I thought of how the Content Team supported our mission and vision for cooking, and I compared this with other Content Teams across various industries. My conclusion was that the name “Content Team” didn’t describe what we did. Was there a better way to describe our role in content? I began my research using two simple words I thought I had made up: “content engineering,” and I was surprised to find descriptions very similar to our work!

I found exciting material from those who continue to champion content intelligence like Colleen Jones, Cruce Saunders, Carrie Hane, and Mark Baker, to name a few. Seeing my work conceptualized into words was like a light bulb turning on. It showed me who we are and how much more we could be as a team and company. I had found the missing ingredient in our recipe for success — awareness. 

Our success as a team has always come from delivering results and value against the odds. Now it seemed appropriate to rebrand the team — officially.

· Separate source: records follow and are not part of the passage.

lemma total_deriv_sum:
  "finite I \<Longrightarrow> (\<And>i. i \<in> I \<Longrightarrow> smooth_fn (f i)) \<Longrightarrow>
    total_deriv v (\<lambda>\<xi>. \<Sum>i\<in>I. f i \<xi>) = (\<lambda>\<xi>. \<Sum>i\<in>I. total_deriv v (f i) \<xi>)"
  by (induction I rule: finite_induct) (simp_all add: total_deriv_const total_deriv_add smooth_fn_sum)

lemma smooth_fn_total_deriv:
  assumes "smooth_fn f" "\<And>c. smooth_fn (\<lambda>\<xi>. v \<xi> c)"
  shows "smooth_fn (total_deriv v f)"
proof -
  obtain S where "finite S" "depends_only_on S f"
    using assms(1) by (rule smooth_fn_depends_onE)
  with assms show ?thesis
    by (simp add: total_deriv_expansion smooth_fn_sum smooth_fn_mult smooth_fn_pd)
qed

text \<open>In the expansion of both sides the second partial derivatives cancel by Schwarz's
  theorem.\<close>

lemma total_deriv_commute:
  assumes f: "smooth_fn f"
    and v: "\<And>c. smooth_fn (\<lambda>\<xi>. v \<xi> c)" and w: "\<And>c. smooth_fn (\<lambda>\<xi>. w \<xi> c)"
    and vw: "\<And>c. total_deriv v (\<lambda>\<xi>. w \<xi> c) = total_deriv w (\<lambda>\<xi>. v \<xi> c)"
  shows "total_deriv v (total_deriv w f) = total_deriv w (total_deriv v f)"
proof -
  obtain S where S: "finite S" "depends_only_on S f"
    using f by (rule smooth_fn_depends_onE)
  have pd: "smooth_fn (pd c f)" "depends_only_on S (pd c f)" for c
    using f S by (simp_all add: smooth_fn_pd depends_only_on_pd)
  have expand: "total_deriv u (total_deriv u' f) = (\<lambda>\<xi>. (\<Sum>c\<in>S. total_deriv u (\<lambda>\<xi>. u' \<xi> c) \<xi> * pd c f \<xi>)
      + (\<Sum>c\<in>S. \<Sum>d\<in>S. u \<xi> d * u' \<xi> c * pd d (pd c f) \<xi>))"
    if "\<And>c. smooth_fn (\<lambda>\<xi>. u' \<xi> c)" for u u'
    using S pd that
    by (simp add: total_deriv_expansion[OF f S] total_deriv_sum total_deriv_mult
        total_deriv_expansion[OF pd(1) S(1) pd(2)] smooth_fn_mult sum_distrib_left mult_ac
        sum.distrib)
  have "(\<Sum>c\<in>S. \<Sum>d\<in>S. v \<xi> d * w \<xi> c * pd d (pd c f) \<xi>) =
      (\<Sum>c\<in>S. \<Sum>d\<in>S. w \<xi> d * v \<xi> c * pd d (pd c f) \<xi>)" for \<xi>
    by (subst sum.swap) (simp add: pd_commute[OF f] mult_ac)
  then show ?thesis
    using v w by (simp add: expand vw)
qed

lemma smooth_fn_tdir_x: "smooth_fn (\<lambda>\<xi>. tdir_x \<xi> c)"
  by (cases c) (simp_all add: tdir_x_def smooth_fn_const smooth_fn_coord)

lemma smooth_fn_tdir_y: "smooth_fn (\<lambda>\<xi>. tdir_y \<xi> c)"
  by (cases c) (simp_all add: tdir_y_def smooth_fn_const smooth_fn_coord)

lemma Dx_Dy_commute:
  assumes "smooth_fn f"
  shows "Dy (Dx f) = Dx (Dy f)"
proof -
  have "total_deriv tdir_y (\<lambda>\<xi>. tdir_x \<xi> c) = total_deriv tdir_x (\<lambda>\<xi>. tdir_y \<xi> c)" for c
    by (cases c) (simp_all add: tdir_x_def tdir_y_def total_deriv_const total_deriv_coord)
  with assms show ?thesis
    unfolding Dx_eq_total_deriv Dy_eq_total_deriv
    by (intro total_deriv_commute smooth_fn_tdir_x smooth_fn_tdir_y)
qed

lemma jet_coords_eq:
  "jx = (\<lambda>\<xi>. \<xi> CX)" "jy = (\<lambda>\<xi>. \<xi> CY)" "ju i j = (\<lambda>\<xi>. \<xi> (CU i j))" "jp i j = (\<lambda>\<xi>. \<xi> (CP i j))"
  by (simp_all add: fun_eq_iff jx_def jy_def ju_def jp_def)

lemma smooth_fn_jet_coords:
  "smooth_fn jx" "smooth_fn jy" "smooth_fn (ju i j)" "smooth_fn (jp i j)"
  unfolding jet_coords_eq by (rule smooth_fn_coord)+

lemma Dx_jet_coords:
  "Dx jx = (\<lambda>\<xi>. 1)" "Dx jy = (\<lambda>\<xi>. 0)" "Dx (ju i j) = ju (Suc i) j" "Dx (jp i j) = jp (Suc i) j"
  unfolding jet_coords_eq Dx_eq_total_deriv total_deriv_coord by (simp_all add: tdir_x_def)

lemma Dy_jet_coords:
  "Dy jx = (\<lambda>\<xi>. 0)" "Dy jy = (\<lambda>\<xi>. 1)" "Dy (ju i j) = ju i (Suc j)" "Dy (jp i j) = jp i (Suc j)"
  unfolding jet_coords_eq Dy_eq_total_deriv total_deriv_coord by (simp_all add: tdir_y_def)

lemma smooth_fn_Dx: "smooth_fn f \<Longrightarrow> smooth_fn (Dx f)"
  unfolding Dx_eq_total_deriv by (rule smooth_fn_total_deriv[OF _ smooth_fn_tdir_x])

lemma smooth_fn_Dy: "smooth_fn f \<Longrightarrow> smooth_fn (Dy f)"
  unfolding Dy_eq_total_deriv by (rule smooth_fn_total_deriv[OF _ smooth_fn_tdir_y])

lemmas Dx_rules [folded Dx_eq_total_deriv] =
  total_deriv_add[where v = tdir_x] total_deriv_diff[where v = tdir_x]
  total_deriv_minus[where v = tdir_x] total_deriv_mult[where v = tdir_x]
  total_deriv_const[where v = tdir_x]

lemmas Dy_rules [folded Dy_eq_total_deriv] =
  total_deriv_add[where v = tdir_y] total_deriv_diff[where v = tdir_y]
  total_deriv_minus[where v = tdir_y] total_deriv_mult[where v = tdir_y]
  total_deriv_const[where v = tdir_y]

section \<open>C-differential operators given by coefficient lists\<close>

lemma funpow_preserves: "(\<And>f. P f \<Longrightarrow> P (D f)) \<Longrightarrow> P f \<Longrightarrow> P ((D ^^ n) f)"
  by (induction n) simp_all

lemma funpow_additive:
  assumes "\<And>f g. P f \<Longrightarrow> P g \<Longrightarrow> D (\<lambda>\<xi>. f \<xi> + g \<xi>) = (\<lambda>\<xi>. D f \<xi> + D g \<xi>)"
    and "\<And>f. P f \<Longrightarrow> P (D f)" and "P f" "P g"
  shows "(D ^^ n) (\<lambda>\<xi>. f \<xi> + g \<xi>) = (\<lambda>\<xi>. (D ^^ n) f \<xi> + (D ^^ n) g \<xi>)"
  using assms by (induction n) (simp_all add: funpow_preserves)

lemma smooth_fn_Dsig: "smooth_fn f \<Longrightarrow> smooth_fn (Dsig \<sigma> f)"
  unfolding Dsig_def
  by (intro funpow_preserves[where P = smooth_fn, OF smooth_fn_Dx]
      funpow_preserves[where P = smooth_fn, OF smooth_fn_Dy])

lemma Dsig_add:
  "smooth_fn f \<Longrightarrow> smooth_fn g \<Longrightarrow> Dsig \<sigma> (\<lambda>\<xi>. f \<xi> + g \<xi>) = (\<lambda>\<xi>. Dsig \<sigma> f \<xi> + Dsig \<sigma> g \<xi>)"
  unfolding Dsig_def
  by (simp add: funpow_additive[where P = smooth_fn] funpow_preserves[where P = smooth_fn, OF smooth_fn_Dy]
      Dx_rules Dy_rules smooth_fn_Dx smooth_fn_Dy)

lemma Dsig_const_0: "Dsig \<sigma> (\<lambda>\<xi>. 0) = (\<lambda>\<xi>. 0)"
  unfolding Dsig_def by (simp add: funpow_preserves[where P = "\<lambda>f. f = (\<lambda>\<xi>. 0)"] Dx_rules Dy_rules)

lemma Dsig_jet_coords:
  "Dsig (i, j) (ju a b) = ju (a + i) (b + j)" "Dsig (i, j) (jp a b) = jp (a + i) (b + j)"
proof -
  have "(Dx ^^ i) (ju a b) = ju (a + i) b" "(Dx ^^ i) (jp a b) = jp (a + i) b" for a b
    by (induction i) (simp_all add: Dx_jet_coords)
  moreover have "(Dy ^^ j) (ju a b) = ju a (b + j)" "(Dy ^^ j) (jp a b) = jp a (b + j)" for a b
    by (induction j) (simp_all add: Dy_jet_coords)
  ultimately show "Dsig (i, j) (ju a b) = ju (a + i) (b + j)" "Dsig (i, j) (jp a b) = jp (a + i) (b + j)"
    by (simp_all add: Dsig_def)
qed

lemma Dsig_simps:
  "Dsig (0, 0) f = f" "Dsig (Suc i, j) f = Dx (Dsig (i, j) f)" "Dsig (0, Suc j) f = Dy (Dsig (0, j) f)"
  by (simp_all add: Dsig_def)

lemma mkop_Cons: "mkop ((\<sigma>, b) # ps) \<tau> = (\<lambda>\<xi>. (if \<sigma> = \<tau> then b \<xi> else 0) + mkop ps \<tau> \<xi>)"
  by (simp add: mkop_def fun_eq_iff)

lemma sum_mkop:
  assumes "finite K" "fst ` set ps \<subseteq> K"
  shows "(\<Sum>\<sigma>\<in>K. mkop ps \<sigma> \<xi> * g \<sigma>) = (\<Sum>(\<tau>, a)\<leftarrow>ps. a \<xi> * g \<tau>)"
  using assms(2)
proof (induction ps)
  case Nil
  then show ?case by (simp add: mkop_def)
next
  case (Cons p ps)
  obtain \<tau> a where p: "p = (\<tau>, a)" by fastforce
  have "mkop (p # ps) \<sigma> \<xi> * g \<sigma> = (if \<tau> = \<sigma> then a \<xi> * g \<tau> else 0) + mkop ps \<sigma> \<xi> * g \<sigma>" for \<sigma>
    by (simp add: mkop_Cons p distrib_right)
  with Cons assms(1) show ?case
    by (simp add: p sum.distrib sum.delta)
qed

lemma opsupp_mkop: "opsupp (mkop ps) \<subseteq> fst ` set ps"
proof
  fix \<sigma>
  assume "\<sigma> \<in> opsupp (mkop ps)"
  then obtain \<xi> where "mkop ps \<sigma> \<xi> \<noteq> 0"
    by (auto simp: opsupp_def)
  then show "\<sigma> \<in> fst ` set ps"
    by (induction ps) (auto simp: mkop_def split: if_splits)
qed

lemma apply_op_mkop: "apply_op (mkop ps) f = (\<lambda>\<xi>. \<Sum>(\<tau>, a)\<leftarrow>ps. a \<xi> * Dsig \<tau> f \<xi>)"
proof
  fix \<xi>
  have "apply_op (mkop ps) f \<xi> = (\<Sum>\<sigma>\<in>fst ` set ps. mkop ps \<sigma> \<xi> * Dsig \<sigma> f \<xi>)"
    unfolding apply_op_def using opsupp_mkop
    by (intro sum.mono_neutral_left) (auto simp: opsupp_def)
  then show "apply_op (mkop ps) f \<xi> = (\<Sum>(\<tau>, a)\<leftarrow>ps. a \<xi> * Dsig \<tau> f \<xi>)"
    by (simp add: sum_mkop)
qed

lemma mkop_notin: "\<tau> \<notin> fst ` set ps \<Longrightarrow> mkop ps \<tau> = (\<lambda>\<xi>. 0)"
  using opsupp_mkop by (auto simp: opsupp_def fun_eq_iff)

lemma mkop_distinct_keys:
  assumes "distinct (map fst ps)" "(\<tau>, a) \<in> set ps"
  shows "mkop ps \<tau> = a"
  using assms
proof (induction ps)
  case (Cons p ps)
  obtain \<sigma> b where p: "p = (\<sigma>, b)" by fastforce
  have "\<sigma> \<notin> fst ` set ps"
    using Cons.prems p by simp
  moreover have "\<sigma> \<noteq> \<tau>" if "(\<tau>, a) \<in> set ps"
    using calculation that by force
  ultimately show ?case
    using Cons by (cases "(\<tau>, a) = (\<sigma>, b)") (auto simp: p mkop_Cons mkop_notin)
qed simp

lemma apply_adj_mkop:
  assumes "distinct (map fst ps)"
  shows "apply_adj (mkop ps) f =
    (\<lambda>\<xi>. \<Sum>(\<tau>, a)\<leftarrow>ps. (-1) ^ (fst \<tau> + snd \<tau>) * Dsig \<tau> (\<lambda>\<eta>. a \<eta> * f \<eta>) \<xi>)"
proof
  fix \<xi>
  define t where "t \<sigma> a = (-1) ^ (fst \<sigma> + snd \<sigma>) * Dsig \<sigma> (\<lambda>\<eta>. a \<eta> * f \<eta>) \<xi>" for \<sigma> a
  have "apply_adj (mkop ps) f \<xi> = (\<Sum>\<sigma>\<in>set (map fst ps). t \<sigma> (mkop ps \<sigma>))"
    unfolding apply_adj_def t_def using opsupp_mkop
    by (intro sum.mono_neutral_left) (auto simp: opsupp_def Dsig_const_0)
  also have "\<dots> = (\<Sum>\<sigma>\<leftarrow>map fst ps. t \<sigma> (mkop ps \<sigma>))"
    using assms by (rule sum_list_distinct_conv_sum_set[symmetric])
  also have "\<dots> = (\<Sum>(\<tau>, a)\<leftarrow>ps. t \<tau> a)"
    unfolding map_map
    by (rule arg_cong[where f = sum_list], rule map_cong) (auto simp: mkop_distinct_keys[OF assms])
  finally show "apply_adj (mkop ps) f \<xi> = (\<Sum>(\<tau>, a)\<leftarrow>ps. t \<tau> a)" .
qed

lemma indep_p_const: "indep_p (\<lambda>\<xi>. k)"
  by (simp add: indep_p_def)

lemma indep_p_jet_coords: "indep_p jx" "indep_p jy" "indep_p (ju i j)"
  by (auto simp: indep_p_def jx_def jy_def ju_def)

lemma indep_p_compose: "indep_p f \<Longrightarrow> indep_p (\<lambda>\<xi>. h (f \<xi>))"
  unfolding indep_p_def by metis

lemma indep_p_compose2: "indep_p f \<Longrightarrow> indep_p g \<Longrightarrow> indep_p (\<lambda>\<xi>. h (f \<xi>) (g \<xi>))"
  unfolding indep_p_def by metis

lemmas indep_p_arith = indep_p_compose2[where h = "(+)"] indep_p_compose2[where h = "(-)"]
  indep_p_compose2[where h = "(*)"] indep_p_compose[where h = uminus]

lemma is_cdop_mkop:
  assumes "\<And>\<tau> a. (\<tau>, a) \<in> set ps \<Longrightarrow> smooth_fn a \<and> indep_p a"
  shows "is_cdop (mkop ps)"
proof -
  have "smooth_fn (mkop ps \<sigma>) \<and> indep_p (mkop ps \<sigma>)" for \<sigma>
    using assms
  proof (induction ps)
    case Nil
    then show ?case by (simp add: mkop_def smooth_fn_const indep_p_def)
  next
    case (Cons p ps)
    obtain \<tau> a where p: "p = (\<tau>, a)" by fastforce
    have "mkop (p # ps) \<sigma> = (if \<tau> = \<sigma> then (\<lambda>\<xi>. a \<xi> + mkop ps \<sigma> \<xi>) else mkop ps \<sigma>)"
      by (simp add: mkop_Cons p fun_eq_iff)
    moreover have "smooth_fn a" "indep_p a"
      using Cons.prems[of \<tau> a] p by simp_all
    moreover have "smooth_fn (mkop ps \<sigma>) \<and> indep_p (mkop ps \<sigma>)"
      by (rule Cons.IH) (use Cons.prems in auto)
    ultimately show ?case
      by (simp add: smooth_fn_add indep_p_arith)
  qed
  moreover have "finite (opsupp (mkop ps))"
    using opsupp_mkop finite_subset by blast
  ultimately show ?thesis
    by (simp add: is_cdop_def)
qed

section \<open>The Laplace equation\<close>

definition laplacian :: "jfun \<Rightarrow> jfun" where
  "laplacian f = (\<lambda>\<xi>. Dx (Dx f) \<xi> + Dy (Dy f) \<xi>)"

lemma lin_laplace: "lin laplace = mkop [((2, 0), \<lambda>\<xi>. 1), ((0, 2), \<lambda>\<xi>. 1)]"
proof -
  have "pd c laplace = (\<lambda>\<xi>. if c = CU 2 0 \<or> c = CU 0 2 then 1 else 0)" for c
    by (rule pd_eqI) (auto simp: laplace_def ju_def intro!: derivative_eq_intros)
  then show ?thesis
    by (auto simp: fun_eq_iff lin_def mkop_def)
qed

I lead the Content Engineering Team at SideChef, where we continue to unlock the power of content, but we no longer imagine a world where everyone can cook. We are engineering the content technology that bridges the gap to create new cooking experiences. It’s cooking with technology, reimagined. 

The Author

Sandie is the Senior Director of Content Engineering at SideChef and oversees the content engineering strategy and execution relating to grocery partnerships through taxonomy, content modeling, and ingredient matching tactics. Growing up in Miami’s burgeoning international food scene, she has developed a love of local and exotic flavors. Sandie has 15+ years of experience in creating processes and implementing strategies. She manages vital partner relationships and also leads efforts in content localization. Over the last seven years, Sandie has helped increase SideChef’s content database to over 19,000 smart recipes.